Work to be completed: For each line below that includes the word "forall", make a copy.

[Stored items from a collection]
· · · · ·
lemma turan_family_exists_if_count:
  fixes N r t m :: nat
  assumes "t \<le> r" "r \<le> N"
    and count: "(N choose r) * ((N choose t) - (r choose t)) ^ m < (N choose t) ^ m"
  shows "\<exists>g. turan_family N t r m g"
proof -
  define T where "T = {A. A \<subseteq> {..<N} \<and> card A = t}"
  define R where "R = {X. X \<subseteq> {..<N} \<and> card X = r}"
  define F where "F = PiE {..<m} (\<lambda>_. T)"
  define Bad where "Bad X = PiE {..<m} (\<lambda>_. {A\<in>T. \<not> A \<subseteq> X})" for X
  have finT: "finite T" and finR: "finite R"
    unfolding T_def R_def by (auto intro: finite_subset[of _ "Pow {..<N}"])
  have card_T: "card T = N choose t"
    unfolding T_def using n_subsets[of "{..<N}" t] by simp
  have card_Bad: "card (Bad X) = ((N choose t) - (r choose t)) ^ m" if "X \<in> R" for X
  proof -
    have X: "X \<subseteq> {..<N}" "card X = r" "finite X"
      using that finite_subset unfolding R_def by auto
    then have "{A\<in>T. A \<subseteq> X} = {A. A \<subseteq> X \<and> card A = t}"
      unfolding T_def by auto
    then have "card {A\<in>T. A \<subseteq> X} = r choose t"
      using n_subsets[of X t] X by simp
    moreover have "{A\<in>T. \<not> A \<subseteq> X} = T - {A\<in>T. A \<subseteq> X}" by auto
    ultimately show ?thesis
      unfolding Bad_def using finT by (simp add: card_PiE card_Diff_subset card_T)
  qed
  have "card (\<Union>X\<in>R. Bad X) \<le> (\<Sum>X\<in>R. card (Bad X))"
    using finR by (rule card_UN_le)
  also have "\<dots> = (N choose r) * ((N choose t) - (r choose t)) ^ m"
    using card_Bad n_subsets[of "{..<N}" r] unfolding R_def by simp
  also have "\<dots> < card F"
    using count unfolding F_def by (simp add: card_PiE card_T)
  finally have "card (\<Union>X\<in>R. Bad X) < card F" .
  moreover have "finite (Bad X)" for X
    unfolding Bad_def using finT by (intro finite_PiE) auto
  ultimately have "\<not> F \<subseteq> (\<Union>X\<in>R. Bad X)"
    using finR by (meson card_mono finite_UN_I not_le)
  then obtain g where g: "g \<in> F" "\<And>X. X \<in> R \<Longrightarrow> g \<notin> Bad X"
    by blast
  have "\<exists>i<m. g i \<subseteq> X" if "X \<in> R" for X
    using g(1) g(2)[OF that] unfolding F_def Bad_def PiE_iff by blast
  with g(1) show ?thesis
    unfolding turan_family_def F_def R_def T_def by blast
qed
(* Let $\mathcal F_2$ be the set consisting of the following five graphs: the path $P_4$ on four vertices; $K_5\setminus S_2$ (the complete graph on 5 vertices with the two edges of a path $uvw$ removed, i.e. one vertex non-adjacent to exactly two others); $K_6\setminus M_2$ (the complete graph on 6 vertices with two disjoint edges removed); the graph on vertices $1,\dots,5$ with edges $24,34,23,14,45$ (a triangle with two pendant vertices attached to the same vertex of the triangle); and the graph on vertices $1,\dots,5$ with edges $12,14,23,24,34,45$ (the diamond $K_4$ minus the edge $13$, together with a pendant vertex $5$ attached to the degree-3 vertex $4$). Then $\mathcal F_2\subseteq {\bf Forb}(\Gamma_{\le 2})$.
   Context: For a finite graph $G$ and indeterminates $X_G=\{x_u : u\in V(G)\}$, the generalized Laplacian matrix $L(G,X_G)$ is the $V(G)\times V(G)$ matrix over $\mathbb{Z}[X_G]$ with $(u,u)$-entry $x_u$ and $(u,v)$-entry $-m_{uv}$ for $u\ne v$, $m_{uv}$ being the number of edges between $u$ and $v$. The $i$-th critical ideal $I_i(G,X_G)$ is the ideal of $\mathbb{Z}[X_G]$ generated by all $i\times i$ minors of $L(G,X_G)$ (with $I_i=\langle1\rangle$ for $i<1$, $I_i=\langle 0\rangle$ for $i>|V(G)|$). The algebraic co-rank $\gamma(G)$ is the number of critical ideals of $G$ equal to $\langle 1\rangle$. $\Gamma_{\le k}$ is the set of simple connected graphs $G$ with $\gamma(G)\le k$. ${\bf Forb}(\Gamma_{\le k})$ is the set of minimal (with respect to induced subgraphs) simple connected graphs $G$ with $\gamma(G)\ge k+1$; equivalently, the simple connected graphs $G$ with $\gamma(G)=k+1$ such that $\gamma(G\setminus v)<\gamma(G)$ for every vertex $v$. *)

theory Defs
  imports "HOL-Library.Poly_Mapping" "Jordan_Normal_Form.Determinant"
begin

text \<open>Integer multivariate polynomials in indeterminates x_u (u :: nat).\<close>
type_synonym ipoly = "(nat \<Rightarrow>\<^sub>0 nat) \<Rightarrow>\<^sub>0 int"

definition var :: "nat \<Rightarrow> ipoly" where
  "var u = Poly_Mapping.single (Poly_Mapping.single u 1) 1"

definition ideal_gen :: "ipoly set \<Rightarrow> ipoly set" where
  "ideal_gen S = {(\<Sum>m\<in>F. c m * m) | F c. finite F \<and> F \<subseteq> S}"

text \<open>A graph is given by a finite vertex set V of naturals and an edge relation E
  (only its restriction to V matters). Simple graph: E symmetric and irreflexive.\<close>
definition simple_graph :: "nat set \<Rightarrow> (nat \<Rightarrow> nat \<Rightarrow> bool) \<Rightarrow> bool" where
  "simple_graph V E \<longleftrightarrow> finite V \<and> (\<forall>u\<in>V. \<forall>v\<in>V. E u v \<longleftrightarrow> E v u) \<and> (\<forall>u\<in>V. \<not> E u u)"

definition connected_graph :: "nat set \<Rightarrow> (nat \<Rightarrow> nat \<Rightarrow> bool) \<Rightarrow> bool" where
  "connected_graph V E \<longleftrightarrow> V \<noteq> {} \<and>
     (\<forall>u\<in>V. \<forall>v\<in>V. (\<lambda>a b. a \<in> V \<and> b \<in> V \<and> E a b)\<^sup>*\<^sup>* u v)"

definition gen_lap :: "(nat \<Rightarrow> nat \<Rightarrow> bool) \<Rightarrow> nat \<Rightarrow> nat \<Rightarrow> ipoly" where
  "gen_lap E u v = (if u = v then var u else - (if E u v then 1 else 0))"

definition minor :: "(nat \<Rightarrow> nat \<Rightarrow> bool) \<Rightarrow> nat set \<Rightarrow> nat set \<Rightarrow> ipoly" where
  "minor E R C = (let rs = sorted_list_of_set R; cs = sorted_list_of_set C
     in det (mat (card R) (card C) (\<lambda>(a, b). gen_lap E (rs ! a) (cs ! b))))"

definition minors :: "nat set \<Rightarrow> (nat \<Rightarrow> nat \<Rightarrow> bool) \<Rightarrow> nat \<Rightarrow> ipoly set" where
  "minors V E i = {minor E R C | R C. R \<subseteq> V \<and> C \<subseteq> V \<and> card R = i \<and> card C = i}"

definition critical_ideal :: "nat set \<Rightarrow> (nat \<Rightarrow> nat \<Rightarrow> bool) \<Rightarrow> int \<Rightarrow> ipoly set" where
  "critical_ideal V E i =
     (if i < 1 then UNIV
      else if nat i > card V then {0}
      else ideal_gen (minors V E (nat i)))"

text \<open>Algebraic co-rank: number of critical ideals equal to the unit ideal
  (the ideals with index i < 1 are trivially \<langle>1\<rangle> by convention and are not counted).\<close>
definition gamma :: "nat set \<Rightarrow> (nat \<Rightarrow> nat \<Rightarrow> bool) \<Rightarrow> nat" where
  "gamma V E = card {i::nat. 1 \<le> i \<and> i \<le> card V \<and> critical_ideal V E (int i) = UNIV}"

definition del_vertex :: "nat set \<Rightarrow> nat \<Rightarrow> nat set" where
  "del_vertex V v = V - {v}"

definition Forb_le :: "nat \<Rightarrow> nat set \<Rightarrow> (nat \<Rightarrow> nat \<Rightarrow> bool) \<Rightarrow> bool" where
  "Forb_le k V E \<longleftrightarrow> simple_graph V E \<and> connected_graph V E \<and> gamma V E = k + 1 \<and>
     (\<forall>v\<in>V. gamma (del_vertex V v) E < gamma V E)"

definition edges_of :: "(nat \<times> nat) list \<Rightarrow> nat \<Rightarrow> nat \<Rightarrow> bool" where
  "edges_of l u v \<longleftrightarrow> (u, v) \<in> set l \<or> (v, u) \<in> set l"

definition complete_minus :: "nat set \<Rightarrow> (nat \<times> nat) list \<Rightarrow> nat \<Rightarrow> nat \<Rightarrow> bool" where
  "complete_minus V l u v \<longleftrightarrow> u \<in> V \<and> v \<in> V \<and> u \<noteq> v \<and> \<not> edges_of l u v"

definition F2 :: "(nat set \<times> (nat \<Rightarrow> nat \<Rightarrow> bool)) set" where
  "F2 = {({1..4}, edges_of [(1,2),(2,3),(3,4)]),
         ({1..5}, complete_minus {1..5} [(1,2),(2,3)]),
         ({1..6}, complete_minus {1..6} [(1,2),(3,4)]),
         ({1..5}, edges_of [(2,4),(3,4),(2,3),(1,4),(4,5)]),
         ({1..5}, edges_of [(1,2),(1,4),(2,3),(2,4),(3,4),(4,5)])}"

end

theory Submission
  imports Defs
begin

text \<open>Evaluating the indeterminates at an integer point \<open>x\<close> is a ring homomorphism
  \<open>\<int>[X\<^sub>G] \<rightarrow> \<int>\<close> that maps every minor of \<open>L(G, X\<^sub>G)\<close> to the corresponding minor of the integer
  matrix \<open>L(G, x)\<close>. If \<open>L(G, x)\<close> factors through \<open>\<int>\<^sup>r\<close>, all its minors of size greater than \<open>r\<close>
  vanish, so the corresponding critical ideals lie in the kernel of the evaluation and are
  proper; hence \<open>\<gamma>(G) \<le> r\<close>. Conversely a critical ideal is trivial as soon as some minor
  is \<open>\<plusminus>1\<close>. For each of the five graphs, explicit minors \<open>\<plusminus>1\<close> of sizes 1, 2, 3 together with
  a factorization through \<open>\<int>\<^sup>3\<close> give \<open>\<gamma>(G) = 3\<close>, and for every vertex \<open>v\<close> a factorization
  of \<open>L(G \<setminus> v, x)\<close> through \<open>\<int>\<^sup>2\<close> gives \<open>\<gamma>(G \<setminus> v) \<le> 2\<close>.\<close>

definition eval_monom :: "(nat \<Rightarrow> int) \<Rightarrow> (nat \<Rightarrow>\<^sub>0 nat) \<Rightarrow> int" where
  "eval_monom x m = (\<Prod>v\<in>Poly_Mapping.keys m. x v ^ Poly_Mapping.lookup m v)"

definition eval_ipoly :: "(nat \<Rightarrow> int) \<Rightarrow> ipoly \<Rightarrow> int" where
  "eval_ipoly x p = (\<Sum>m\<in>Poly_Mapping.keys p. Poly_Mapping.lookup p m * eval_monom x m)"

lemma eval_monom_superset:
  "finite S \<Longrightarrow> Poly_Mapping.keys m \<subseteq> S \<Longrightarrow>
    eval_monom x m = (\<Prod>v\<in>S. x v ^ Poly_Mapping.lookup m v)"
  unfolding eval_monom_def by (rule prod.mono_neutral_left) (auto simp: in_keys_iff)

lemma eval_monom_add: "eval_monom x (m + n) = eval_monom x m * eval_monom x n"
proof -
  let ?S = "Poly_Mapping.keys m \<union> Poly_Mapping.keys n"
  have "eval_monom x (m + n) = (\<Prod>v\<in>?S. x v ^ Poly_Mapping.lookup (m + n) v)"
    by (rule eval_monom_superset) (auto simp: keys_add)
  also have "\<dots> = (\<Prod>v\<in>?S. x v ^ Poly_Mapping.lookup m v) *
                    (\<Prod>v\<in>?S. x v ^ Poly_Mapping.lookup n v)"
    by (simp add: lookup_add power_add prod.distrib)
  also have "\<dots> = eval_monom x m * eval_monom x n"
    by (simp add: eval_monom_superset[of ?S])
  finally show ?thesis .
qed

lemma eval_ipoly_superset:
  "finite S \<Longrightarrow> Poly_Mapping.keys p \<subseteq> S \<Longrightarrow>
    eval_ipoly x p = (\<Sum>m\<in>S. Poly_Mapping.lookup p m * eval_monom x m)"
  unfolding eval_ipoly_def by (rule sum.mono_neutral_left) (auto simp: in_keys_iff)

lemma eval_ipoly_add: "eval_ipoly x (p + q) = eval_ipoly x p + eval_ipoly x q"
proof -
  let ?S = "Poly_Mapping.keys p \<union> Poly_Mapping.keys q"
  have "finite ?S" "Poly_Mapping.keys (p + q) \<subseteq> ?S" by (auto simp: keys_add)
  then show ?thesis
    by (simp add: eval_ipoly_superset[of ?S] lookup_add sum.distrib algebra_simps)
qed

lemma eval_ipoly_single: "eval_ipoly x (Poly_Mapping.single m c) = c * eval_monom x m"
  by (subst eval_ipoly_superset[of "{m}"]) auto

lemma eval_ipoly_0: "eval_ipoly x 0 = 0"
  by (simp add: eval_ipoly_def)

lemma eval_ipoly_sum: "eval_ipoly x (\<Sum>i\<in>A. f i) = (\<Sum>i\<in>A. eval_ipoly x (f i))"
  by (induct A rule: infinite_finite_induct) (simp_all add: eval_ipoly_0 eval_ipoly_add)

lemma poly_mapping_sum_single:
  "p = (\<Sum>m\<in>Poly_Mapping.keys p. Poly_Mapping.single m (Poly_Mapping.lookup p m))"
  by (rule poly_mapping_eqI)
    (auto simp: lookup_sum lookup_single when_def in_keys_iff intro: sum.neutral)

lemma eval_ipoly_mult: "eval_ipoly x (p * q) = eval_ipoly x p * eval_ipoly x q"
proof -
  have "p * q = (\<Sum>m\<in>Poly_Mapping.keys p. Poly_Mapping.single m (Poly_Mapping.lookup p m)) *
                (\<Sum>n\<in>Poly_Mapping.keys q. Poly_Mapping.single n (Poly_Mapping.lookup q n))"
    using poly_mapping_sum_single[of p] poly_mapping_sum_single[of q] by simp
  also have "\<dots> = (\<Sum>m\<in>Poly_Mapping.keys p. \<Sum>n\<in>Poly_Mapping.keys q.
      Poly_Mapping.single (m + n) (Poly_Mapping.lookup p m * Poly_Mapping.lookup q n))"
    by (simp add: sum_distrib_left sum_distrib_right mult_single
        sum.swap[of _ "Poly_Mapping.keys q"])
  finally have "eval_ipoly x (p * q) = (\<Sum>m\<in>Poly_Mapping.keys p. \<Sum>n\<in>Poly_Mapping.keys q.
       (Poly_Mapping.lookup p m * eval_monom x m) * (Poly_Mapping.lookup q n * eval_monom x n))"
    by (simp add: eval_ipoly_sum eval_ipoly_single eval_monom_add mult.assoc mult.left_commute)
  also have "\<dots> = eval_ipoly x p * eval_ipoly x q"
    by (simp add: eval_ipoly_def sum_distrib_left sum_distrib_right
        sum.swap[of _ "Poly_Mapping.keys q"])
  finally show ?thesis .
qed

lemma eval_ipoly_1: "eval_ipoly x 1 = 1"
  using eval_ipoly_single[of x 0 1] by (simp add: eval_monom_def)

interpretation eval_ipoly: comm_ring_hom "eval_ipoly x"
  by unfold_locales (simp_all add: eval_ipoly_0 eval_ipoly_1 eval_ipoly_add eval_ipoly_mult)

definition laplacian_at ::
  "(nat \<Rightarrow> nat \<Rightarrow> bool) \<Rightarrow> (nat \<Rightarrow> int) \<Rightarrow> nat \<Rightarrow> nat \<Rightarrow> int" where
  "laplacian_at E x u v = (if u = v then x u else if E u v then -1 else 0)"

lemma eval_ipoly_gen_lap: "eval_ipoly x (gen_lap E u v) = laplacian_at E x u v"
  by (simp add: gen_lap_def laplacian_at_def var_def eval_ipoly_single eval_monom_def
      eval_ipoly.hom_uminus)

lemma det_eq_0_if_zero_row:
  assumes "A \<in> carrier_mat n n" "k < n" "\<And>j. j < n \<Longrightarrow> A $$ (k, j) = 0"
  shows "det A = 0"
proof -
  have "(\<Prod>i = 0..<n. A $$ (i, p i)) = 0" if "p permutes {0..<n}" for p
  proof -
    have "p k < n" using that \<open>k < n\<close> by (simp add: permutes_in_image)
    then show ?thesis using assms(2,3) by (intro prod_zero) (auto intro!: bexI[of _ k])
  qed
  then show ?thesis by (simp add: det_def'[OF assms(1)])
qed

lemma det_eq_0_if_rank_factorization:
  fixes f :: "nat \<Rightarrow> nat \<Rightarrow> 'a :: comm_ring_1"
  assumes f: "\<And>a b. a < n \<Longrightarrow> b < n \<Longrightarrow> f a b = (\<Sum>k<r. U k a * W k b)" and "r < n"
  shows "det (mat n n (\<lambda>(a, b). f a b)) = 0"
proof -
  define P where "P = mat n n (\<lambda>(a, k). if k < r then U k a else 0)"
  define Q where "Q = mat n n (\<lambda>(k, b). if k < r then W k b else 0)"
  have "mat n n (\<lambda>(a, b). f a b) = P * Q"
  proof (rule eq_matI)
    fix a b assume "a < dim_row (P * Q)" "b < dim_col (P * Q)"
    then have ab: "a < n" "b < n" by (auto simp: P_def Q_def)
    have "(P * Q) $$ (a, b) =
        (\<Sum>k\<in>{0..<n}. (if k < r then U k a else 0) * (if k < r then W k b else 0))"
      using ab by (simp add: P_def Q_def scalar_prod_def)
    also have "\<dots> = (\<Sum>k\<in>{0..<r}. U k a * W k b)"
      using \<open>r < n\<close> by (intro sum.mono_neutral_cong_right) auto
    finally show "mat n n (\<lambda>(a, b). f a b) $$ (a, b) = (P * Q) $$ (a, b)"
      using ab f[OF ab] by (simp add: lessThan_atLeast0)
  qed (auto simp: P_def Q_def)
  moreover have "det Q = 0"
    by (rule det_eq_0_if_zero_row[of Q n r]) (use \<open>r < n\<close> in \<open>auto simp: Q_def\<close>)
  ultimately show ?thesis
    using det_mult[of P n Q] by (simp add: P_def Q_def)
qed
· · · · ·
Answer to this task:
  "simple_graph V E \<longleftrightarrow> finite V \<and> (\<forall>u\<in>V. \<forall>v\<in>V. E u v \<longleftrightarrow> E v u) \<and> (\<forall>u\<in>V. \<not> E u u)"
     (\<forall>u\<in>V. \<forall>v\<in>V. (\<lambda>a b. a \<in> V \<and> b \<in> V \<and> E a b)\<^sup>*\<^sup>* u v)"
     (\<forall>v\<in>V. gamma (del_vertex V v) E < gamma V E)"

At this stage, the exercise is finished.